В.А. производит очень хорошее впечатление – она так ожила, приободрилась и повеселела, так хорошо снова вошла в геологические вопросы… Как будто она вполне освоилась с мыслью о том, что я буду защищать не раньше осени. Я не уверена, что то, что я не могу написать сейчас, я напишу только намеками и знать, что этот намек вызовет целую серию воспоминаний.
Мы всю жизнь с тобою гоняемся за новым, рвем с прошлым, а вот когда попадаешь к людям, связанным с прошлым, и чувствуешь, что в это прошлое путь тебе закрыт – становится грустно. Поэтому наверное мне проще всего иметь дело с Борисом и Н.Г., с которыми меня объединяет хоть немного летняя романтика.
Может быть ты себе сделаешь вывод из этих размышлений. Я совсем не хочу советовать тебе не порывать с НИИГом, но попробуй выбрать что-нибудь прочно.
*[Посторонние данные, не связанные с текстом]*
text \<open>In the application \<open>v = e\<^sup>w g\<close> for the solution \<open>g\<close> of \<open>H g = h\<close>, and the hypothesis is the coercivity
  of \<open>H\<close> conjugated by \<open>e\<^sup>w\<close>.\<close>

lemma weighted_decay:
  assumes \<gamma>: "\<gamma> > 0"
    and coercive: "\<gamma> * (\<Sum>x\<in>S. (cmod (v x))^2) \<le> Re (\<Sum>x\<in>S. cnj (of_real (exp (w x)) * v x) * h x)"
    and A: "\<And>x. x \<in> S \<Longrightarrow> h x \<noteq> 0 \<Longrightarrow> w x \<le> A"
    and B: "\<And>x. x \<in> S \<Longrightarrow> f x \<noteq> 0 \<Longrightarrow> B \<le> w x"
  shows "cmod (\<Sum>x\<in>S. cnj (f x) * (of_real (exp (- w x)) * v x))
       \<le> exp (A - B) / \<gamma> * L2_set (\<lambda>x. cmod (f x)) S * L2_set (\<lambda>x. cmod (h x)) S"
proof -
  define nv where "nv = L2_set (\<lambda>x. cmod (v x)) S"
  define nf where "nf = L2_set (\<lambda>x. cmod (f x)) S"
  define nh where "nh = L2_set (\<lambda>x. cmod (h x)) S"
  have nonneg: "nv \<ge> 0" "nf \<ge> 0" "nh \<ge> 0" unfolding nv_def nf_def nh_def by (auto intro: L2_set_nonneg)
  have "(\<Sum>x\<in>S. cnj (of_real (exp (w x)) * v x) * h x) = (\<Sum>x\<in>S. cnj (v x) * (of_real (exp (w x)) * h x))"
    by (simp add: mult_ac)
  moreover have "(\<Sum>x\<in>S. (cmod (v x))^2) = nv^2" unfolding nv_def L2_set_def by (simp add: sum_nonneg)
  ultimately have "\<gamma> * nv^2 \<le> Re (\<Sum>x\<in>S. cnj (v x) * (of_real (exp (w x)) * h x))"
    using coercive by simp
  also have "\<dots> \<le> exp A * (nv * nh)"
    unfolding nv_def nh_def
    by (rule order_trans[OF complex_Re_le_cmod norm_sum_cnj_weighted_le]) (use A in auto)
  finally have "\<gamma> * nv \<le> exp A * nh"
    using nonneg by (cases "nv = 0") (simp_all add: power2_eq_square algebra_simps)
  then have nv: "nv \<le> exp A * nh / \<gamma>" using \<gamma> by (simp add: field_simps)
  have "cmod (\<Sum>x\<in>S. cnj (f x) * (of_real (exp (- w x)) * v x)) \<le> exp (- B) * (nf * nv)"
    unfolding nf_def nv_def by (rule norm_sum_cnj_weighted_le) (use B in force)
  also have "\<dots> \<le> exp (- B) * (nf * (exp A * nh / \<gamma>))"
    using nv nonneg by (intro mult_left_mono) auto
  also have "\<dots> = exp (A - B) / \<gamma> * nf * nh" by (simp add: exp_diff exp_minus field_simps)
  finally show ?thesis unfolding nf_def nh_def .
qed

lemma cmod_inner_L2_le:
  fixes f g h :: "('n::finite \<Rightarrow> int) \<Rightarrow> complex"
  assumes "eta > 0"
    and "cmod (\<Sum>x\<in>S. cnj (f x) * g x) \<le> C * L2_set (\<lambda>x. cmod (f x)) S * L2_set (\<lambda>x. cmod (h x)) S"
  shows "cmod (inner_L2 eta S f g) \<le> C * norm_L2 eta S f * norm_L2 eta S h"
proof -
  have norm: "norm_L2 eta S p = sqrt (eta ^ CARD('n)) * L2_set (\<lambda>x. cmod (p x)) S" for p
  proof -
    have "Re (inner_L2 eta S p p) = eta ^ CARD('n) * (\<Sum>x\<in>S. (cmod (p x))^2)"
      unfolding inner_L2_def by (simp only: Re_of_real_mult Re_sum Re_cnj_self)
    then show ?thesis unfolding norm_L2_def L2_set_def by (simp add: real_sqrt_mult)
  qed
  have "cmod (inner_L2 eta S f g) = eta ^ CARD('n) * cmod (\<Sum>x\<in>S. cnj (f x) * g x)"
    unfolding inner_L2_def using assms(1) by (simp add: norm_mult norm_power del: of_real_power)
  also have "\<dots> \<le> eta ^ CARD('n) * (C * L2_set (\<lambda>x. cmod (f x)) S * L2_set (\<lambda>x. cmod (h x)) S)"
    using assms by (intro mult_left_mono) auto
  also have "\<dots> = C * norm_L2 eta S f * norm_L2 eta S h"
    using assms(1) by (simp add: norm algebra_simps flip: real_sqrt_mult)
  finally show ?thesis .
qed

text \<open>Chosen so that the errors caused by the weight cost at most \<open>a / (4 * 4 ^ d)\<close> of the coercivity
  constant \<open>3 * a / (4 * 4 ^ d)\<close> of \<open>Hop\<close>.\<close>

definition decay_rate :: "real \<Rightarrow> nat \<Rightarrow> real" where
  "decay_rate a d = a / (16 * real d * 4 ^ d)"

lemma decay_rate_bounds:
  assumes "0 < a" "a \<le> 1" "d \<ge> 1"
  shows "0 < decay_rate a d" "decay_rate a d \<le> 1" "real d * decay_rate a d \<le> 1"
    and "2 * real d * (decay_rate a d)^2 + 2 * (real d * decay_rate a d) \<le> a / (4 * 4 ^ d)"
proof -
  let ?\<alpha> = "decay_rate a d"
  have K: "(1::real) \<le> 4 ^ d" by simp
  show pos: "0 < ?\<alpha>" using assms unfolding decay_rate_def by simp
  have d\<alpha>: "real d * ?\<alpha> = a / (16 * 4 ^ d)" using assms unfolding decay_rate_def by simp
  have "a \<le> 16 * 4 ^ d" using assms K by linarith
  then show d\<alpha>1: "real d * ?\<alpha> \<le> 1" unfolding d\<alpha> by simp
  have "?\<alpha> \<le> real d * ?\<alpha>" using mult_right_mono[of 1 "real d" ?\<alpha>] pos assms(3) by simp
  then show "?\<alpha> \<le> 1" using d\<alpha>1 by linarith
  with pos have "?\<alpha>^2 \<le> ?\<alpha>" by (simp add: power2_eq_square mult_left_le_one_le)
  then have "2 * real d * ?\<alpha>^2 + 2 * (real d * ?\<alpha>) \<le> 4 * (real d * ?\<alpha>)"
    using assms(3) by (simp add: mult_left_mono)
  then show "2 * real d * ?\<alpha>^2 + 2 * (real d * ?\<alpha>) \<le> a / (4 * 4 ^ d)" unfolding d\<alpha> by simp
qed

definition decay_weight :: "real \<Rightarrow> nat \<Rightarrow> nat \<Rightarrow> ('n::finite \<Rightarrow> int) \<Rightarrow> ('n \<Rightarrow> int) \<Rightarrow> real" where
  "decay_weight a L k y' x = decay_rate a CARD('n) * l1_weight (real L ^ k) y' x"

lemma decay_weight_self [simp]: "decay_weight a L k y' y' = 0"
  unfolding decay_weight_def by simp

lemma abs_decay_weight_diff:
  fixes x z :: "'n::finite \<Rightarrow> int"
  assumes "0 \<le> a"
  shows "\<bar>decay_weight a L k y' x - decay_weight a L k y' z\<bar>
       = decay_rate a CARD('n) * \<bar>l1_weight (real L ^ k) y' x - l1_weight (real L ^ k) y' z\<bar>"
proof -
  have "0 \<le> decay_rate a CARD('n)" using assms by (simp add: decay_rate_def)
  then show ?thesis by (simp add: decay_weight_def abs_mult right_diff_distrib[symmetric])
qed

lemma abs_decay_weight_sh_le:
  fixes x :: "'n::finite \<Rightarrow> int"
  assumes "L > 0" "0 \<le> a"
  shows "\<bar>decay_weight a L k y' x - decay_weight a L k y' (sh \<mu> x)\<bar> \<le> decay_rate a CARD('n) / real L ^ k"
  using mult_left_mono[OF abs_l1_weight_sh_le[of "real L ^ k" y' x \<mu>], of "decay_rate a CARD('n)"] assms
  by (simp add: abs_decay_weight_diff decay_rate_def)

lemma abs_decay_weight_cube_le:
  assumes "L > 0" "0 \<le> a" "x \<in> cube c (int L ^ k)" "z \<in> cube c (int L ^ k)"
  shows "\<bar>decay_weight a L k y' x - decay_weight a L k y' (z::'n::finite \<Rightarrow> int)\<bar>
       \<le> real CARD('n) * decay_rate a CARD('n)"
  using mult_left_mono[OF abs_l1_weight_cube_le[OF _ assms(3,4), of y'], of "decay_rate a CARD('n)"] assms
  by (simp add: abs_decay_weight_diff decay_rate_def mult.commute)

lemma Gk_conj_coercive:
  fixes f' :: "('n::finite \<Rightarrow> int) \<Rightarrow> complex" and y' :: "'n \<Rightarrow> int"
  assumes a: "0 < a" "a \<le> 1" and L: "L > 1" "1 \<le> k" "k \<le> m" and mu: "mu0 \<ge> 0"
    and f': "f' \<in> L2 (Omega L m)"
  defines "w \<equiv> decay_weight a L k y'" and "g \<equiv> Gk a mu0 L k m f'"
  shows "a / (2 * 4 ^ CARD('n)) * (\<Sum>x\<in>Omega L m. (cmod (of_real (exp (w x)) * g x))^2)
       \<le> Re (\<Sum>x\<in>Omega L m. cnj (of_real (exp (w x)) * (of_real (exp (w x)) * g x)) * f' x)"
proof -
  define \<alpha> where "\<alpha> = decay_rate a CARD('n)"
  have L0: "L > 0" using L by simp
  have \<alpha>: "\<alpha> \<le> 1" "real CARD('n) * \<alpha> \<le> 1"
    "2 * real CARD('n) * \<alpha>^2 + 2 * (real CARD('n) * \<alpha>) \<le> a / (4 * 4 ^ CARD('n))"
    unfolding \<alpha>_def using decay_rate_bounds[OF a, of "CARD('n)"] by auto
  have "(\<lambda>z. complex_of_real (exp (- w z)) * (complex_of_real (exp (w z)) * g z)) = g"
    by (simp add: fun_eq_iff exp_minus field_simps)
  moreover have "a / (2 * 4 ^ CARD('n)) * (\<Sum>x\<in>Omega L m. (cmod (of_real (exp (w x)) * g x))^2)
    \<le> Re (\<Sum>x\<in>Omega L m. cnj (of_real (exp (w x)) * (of_real (exp (w x)) * g x))
          * Hop a mu0 L k m (\<lambda>z. of_real (exp (- w z)) * (of_real (exp (w z)) * g z)) x)"
  proof (rule Hop_conj_coercive[OF L mu a _ \<alpha>(1) _ _ _ \<alpha>(3)])
    show "\<bar>w x - w (sh \<mu> x)\<bar> \<le> \<alpha> / real L ^ k" for x \<mu>
      unfolding w_def \<alpha>_def using abs_decay_weight_sh_le[OF L0 less_imp_le[OF a(1)]] .
    show "\<bar>w x - w z\<bar> \<le> real CARD('n) * \<alpha>" if "x \<in> Block L k c" "z \<in> Block L k c" for c x z
      unfolding w_def \<alpha>_def using abs_decay_weight_cube_le[OF L0 less_imp_le[OF a(1)]] that by (simp add: Block_eq_cube)
  qed (use \<alpha> decay_rate_bounds[OF a, of "CARD('n)"] in \<open>auto simp: \<alpha>_def\<close>)
  ultimately show ?thesis using Gk_inverse(2)[OF L mu a f'] unfolding g_def by simp
qed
Сегодня третий день моего хозяйственного дежурства – с удовольствием это констатирую и жду не дождусь конца недели.
Писать мешают. Такие заводят разговоры, что уши вянут.
Знаешь, я сегодня о чем думала. Нельзя быть бродягой в жизни. Вот оттого что меня не связывает прошлое с этими людьми, с которыми я тесно связана работой, мне иногда бывает очень горько. У меня много прошлого, много ярких полевых воспоминаний, путешествий, человеческих отношений – а вот ужасно не хватает этого общего, о чем можно говорить. «А помните…». Но приятно, что никто от меня в ближайшее время ничего не ждет, и я могу не вымучивать из себя нескладные фразы, как это приходится бедной Наташе Чочиа.
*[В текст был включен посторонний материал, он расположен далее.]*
(* Let $G$ be a simple cubic graph, and let $(G',r)$ be constructed from $G$ as described in the context. Then $\kappa(G',r)=\tau(G)+|E(G)|$, where $\tau(G)$ is the minimum size of a vertex cover of $G$.
   Context: Construction of $G'$ from a cubic graph $G$: start with $G$. (1) For each edge $e=xy$ of $G$, delete $xy$, add three new vertices $w_{x,e},w_e,w_{y,e}$ and the edges $xw_{x,e}, w_{x,e}w_e, w_ew_{y,e}, w_{y,e}y$. (2) For each edge $e=xy$ of $G$, add two new vertices $z_{x,e},z_{y,e}$ and the edges $w_{x,e}z_{x,e}, z_{x,e}w_e, w_ez_{y,e}, z_{y,e}w_{y,e}$ (so $\{w_{x,e},w_e,z_{x,e}\}$ and $\{w_{y,e},w_e,z_{y,e}\}$ induce triangles). (3) For every vertex $x$ of $G$ with incident edges $e,f,g$, add the edges $w_{x,e}w_{x,f}, w_{x,e}w_{x,g}, w_{x,f}w_{x,g}$. Requirements: for every edge $e=xy$ of $G$, $r(w_{x,e})=r(w_{y,e})=4$ and $r(w_e)=3$; $r(v')=0$ for all other vertices $v'$ of $G'$. For a graph $H$, a set $S\subseteq V(H)$ and $v\in V(H)\setminus S$, a $v$--$S$ fan of order $k$ is a collection of $k$ paths, each connecting $v$ to a vertex of $S$, pairwise vertex-disjoint except at $v$; $v$ is $k$-linked to $S$ if such a fan exists. A vector connectivity set for $(H,r)$ is a set $S$ such that every $v\in V(H)\setminus S$ is $r(v)$-linked to $S$; $\kappa(H,r)$ is the minimum size of such a set. A vertex cover of $G$ is a set of vertices containing an endpoint of every edge. *)

theory Defs
  imports Main
begin

definition simple_graph :: "'a set \<Rightarrow> 'a set set \<Rightarrow> bool" where
  "simple_graph V E \<longleftrightarrow> finite V \<and> (\<forall>e\<in>E. e \<subseteq> V \<and> card e = 2)"

definition degree :: "'a set set \<Rightarrow> 'a \<Rightarrow> nat" where
  "degree E v = card {e\<in>E. v \<in> e}"

definition cubic_graph :: "'a set \<Rightarrow> 'a set set \<Rightarrow> bool" where
  "cubic_graph V E \<longleftrightarrow> simple_graph V E \<and> (\<forall>v\<in>V. degree E v = 3)"

definition vertex_cover :: "'a set \<Rightarrow> 'a set set \<Rightarrow> 'a set \<Rightarrow> bool" where
  "vertex_cover V E C \<longleftrightarrow> C \<subseteq> V \<and> (\<forall>e\<in>E. e \<inter> C \<noteq> {})"

definition tau :: "'a set \<Rightarrow> 'a set set \<Rightarrow> nat" where
  "tau V E = Min {card C | C. vertex_cover V E C}"

definition is_path :: "'b set \<Rightarrow> 'b set set \<Rightarrow> 'b list \<Rightarrow> bool" where
  "is_path VH EH p \<longleftrightarrow> p \<noteq> [] \<and> distinct p \<and> set p \<subseteq> VH \<and>
     (\<forall>i. Suc i < length p \<longrightarrow> {p ! i, p ! Suc i} \<in> EH)"

definition is_fan :: "'b set \<Rightarrow> 'b set set \<Rightarrow> 'b \<Rightarrow> 'b set \<Rightarrow> 'b list set \<Rightarrow> nat \<Rightarrow> bool" where
  "is_fan VH EH v S P k \<longleftrightarrow> finite P \<and> card P = k \<and>
     (\<forall>p\<in>P. is_path VH EH p \<and> hd p = v \<and> last p \<in> S) \<and>
     (\<forall>p\<in>P. \<forall>q\<in>P. p \<noteq> q \<longrightarrow> set p \<inter> set q = {v})"

definition k_linked :: "'b set \<Rightarrow> 'b set set \<Rightarrow> 'b \<Rightarrow> 'b set \<Rightarrow> nat \<Rightarrow> bool" where
  "k_linked VH EH v S k \<longleftrightarrow> (\<exists>P. is_fan VH EH v S P k)"

definition vc_set :: "'b set \<Rightarrow> 'b set set \<Rightarrow> ('b \<Rightarrow> nat) \<Rightarrow> 'b set \<Rightarrow> bool" where
  "vc_set VH EH r S \<longleftrightarrow> S \<subseteq> VH \<and> (\<forall>v\<in>VH - S. k_linked VH EH v S (r v))"

definition kappa :: "'b set \<Rightarrow> 'b set set \<Rightarrow> ('b \<Rightarrow> nat) \<Rightarrow> nat" where
  "kappa VH EH r = Min {card S | S. vc_set VH EH r S}"

text \<open>Orig x = x; WX x e = w_{x,e}; WE e = w_e; ZX x e = z_{x,e}.\<close>
datatype 'a gvert = Orig 'a | WX 'a "'a set" | WE "'a set" | ZX 'a "'a set"

definition G'_V :: "'a set \<Rightarrow> 'a set set \<Rightarrow> 'a gvert set" where
  "G'_V V E = Orig ` V \<union> {WX x e | x e. e \<in> E \<and> x \<in> e} \<union> WE ` E
      \<union> {ZX x e | x e. e \<in> E \<and> x \<in> e}"

definition G'_E :: "'a set \<Rightarrow> 'a set set \<Rightarrow> 'a gvert set set" where
  "G'_E V E =
      {{Orig x, WX x e} | x e. e \<in> E \<and> x \<in> e}
    \<union> {{WX x e, WE e} | x e. e \<in> E \<and> x \<in> e}
    \<union> {{WX x e, ZX x e} | x e. e \<in> E \<and> x \<in> e}
    \<union> {{ZX x e, WE e} | x e. e \<in> E \<and> x \<in> e}
    \<union> {{WX x e, WX x f} | x e f. e \<in> E \<and> f \<in> E \<and> x \<in> e \<and> x \<in> f \<and> e \<noteq> f}"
У меня все еще нет внутреннего решения доводить это дело до конца! С одной стороны формально может быть это нужно, и я это вполне сознаю, но уверена, что ради этого нужно проходить всю эту мучительную процедуру.
Ну всего доброго. Всем большой-пребольшой привет. Мало надеюсь на ваши приезды, и мечтаю о командировке в Москву, хоть на несколько дней.
Крепко целую, Соня

Март1952 г.
Здорово!
Мой адрес не дом 7 кв.3, а наоборот, дом 8, кв.7. Твои последние письма (сразу два) принес нам гражданин из дома 7 кв.8 в надежде на то, что его долгоожидаемые письма, также заблудившись, опали к нам. Но его корреспонденты не оказались такими рассеянными.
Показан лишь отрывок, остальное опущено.